BENEDETTO (CD): SOSTEGNO PROTESTE SINDACATI PENSIONATI INVALIDI CIVILI

“Come mi segnalano i sindacati dei pensionati e i Patronati di Cgil, Cisl, Uil ad alcune centinaia di pensionati lucani, invalidi civili al 100 per cento, è già arrivata la lettera dell’Inps contenente l’odiosa circolare del 28 dicembre scorso n. 149 che rischia di produrre gravissime iniquità, introducendo l’obbligo a fare riferimento non più al reddito personale, ma anche, a partire dal 2013, a quello del coniuge. E’ un provvedimento che va revocato rapidamente”. E’ quanto sostiene il consigliere regionale Nicola Benedetto, che ha aderito al Centro Democratico, sottolineando che “la cosiddetta soglia minima di sussistenza stabilita, burocraticamente dall’Inps, coincide con la soglia di povertà che coinvolge le famiglie dei nostri pensionati invalidi civili e pensionati al minimo di tante categorie, specie agricoltura ed artigianato”. Nel sottolineare che “la Regione ha mostrato sensibilità sociale ed impegno per difendere il reddito dei nostri pensionati sino al recente annuncio del presidente De Filippo per gli sconti a favore delle famiglie con bassi redditi sul costo dell'acqua, che ha già consentito secondo l’efficace regolamento tariffario voluto da Acquedotto Lucano a circa 9mila famiglie di dimezzare il costo della bolletta 2011”, Benedetto afferma che “bisogna sostenere sul piano istituzionale e politico le iniziative di protesta dei sindacati dei pensionati per tornare a considerare il reddito individuale per il diritto alla prestazione per gli invalidi civili al 100%. E’ sin troppo evidente che siamo di fronte ad una norma palesemente ingiusta e discriminatoria nei confronti degli invalidi civili totali, tenuto conto che per gli invalidi parziali, per le persone cieche e le persone sorde il limite reddituale considerato continua ad essere quello personale.
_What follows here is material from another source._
(* Let $q\ge 2$, $\mathcal{S}$ an SLP deriving $T$ with $|T|\ge q$, and $\phi$ a fingerprint function that is collision free on the substrings of length $q-1$ of $T$. Let $C$ be the CS-tree constructed by the algorithm (see context) and let $\mathcal{T}$ be the suffix tree of $C$. Then every node $v$ of $\mathcal{T}$ with string depth $sd(v)\ge q$ is a leaf.
   Context: Strings are 0-indexed; $s[i:j]$ is the substring from position $i$ to $j$ inclusive. An SLP is a set of rules $X_1,\dots,X_n$, each $X_i=a$ or $X_i=X_lX_r$ ($l,r<i$); $t_{X_i}$ is the derived string, $|X_i|=|t_{X_i}|$, $T=t_{X_n}$; $occ(X_i)$ is the number of occurrences of $X_i$ in the derivation tree. For $X_i=X_lX_r$ with $|X_i|\ge q$, $r_{X_i}=t_{X_i}[\max(0,|X_l|-q+1):\min(|X_l|+q-2,|X_i|-1)]$. Graph $G$: start empty, nodes keyed by fingerprints. For each rule $X_i=X_lX_r$ with $|X_i|\ge q$ (any order), with $r=r_{X_i}$: create node $\phi(r[0:q-2])$ if absent; for $j=1,\dots,|r|-q+1$, create node $\phi(r[j:j+q-2])$ if absent, create an edge labelled $r[j+q-2]$ with counter $0$ from node $\phi(r[j-1:j+q-3])$ to node $\phi(r[j:j+q-2])$ if none exists in that direction, and add $occ(X_i)$ to its counter. Start node: the node labelled $\phi(T[0:q-2])$. CS-tree $C$: create a path of $q-1$ edges from a root $u_0$ down to $u_{q-1}$, edge $u_{j-1}\to u_j$ labelled $T[j-1]$; $u_{q-1}$ corresponds to the start node. Depth-first traverse $G$ from the start node along directed edges; exploring an edge from $x$ (tree node $\tau(x)$) to $y$ with label $c$ and counter $m$: if $y$ is unvisited create $\tau(y)$ as child of $\tau(x)$ via an edge labelled $c$ with counter $m$ (node label copied from $y$) and continue from $y$; otherwise create a new leaf child of $\tau(x)$ via an edge labelled $c$ with counter $m$, labelled with $y$'s label. Suffix tree of $C$: for each node $v$ of $C$ let $w_v$ be the string of edge labels on the path from $v$ up to the root of $C$ (read upward, starting with the edge entering $v$); these are the suffixes represented by $C$. The suffix tree $\mathcal{T}$ is the compact trie (generalized suffix tree) of the strings $w_v\$$, $\$$ a fresh terminal symbol. The string depth $sd(v)$ of a node of $\mathcal{T}$ is the total length of edge labels from the root of $\mathcal{T}$ to $v$. *)

theory Defs
  imports Main "HOL-Library.Sublist"
begin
Parliamo – conclude il consigliere regionale - di un assegno previdenziale di importo assai modesto, inferiore ai 300 euro mensili (per l’esattezza in media 275,87 euro al mese) che se ulteriormente ridotto aggraverebbe la condizione di persone che gia' vivono una situazione di grandissima difficoltà. Una battaglia che il nuovo Parlamento dovrà sostenere tra le prime priorità di emergenza sociale”.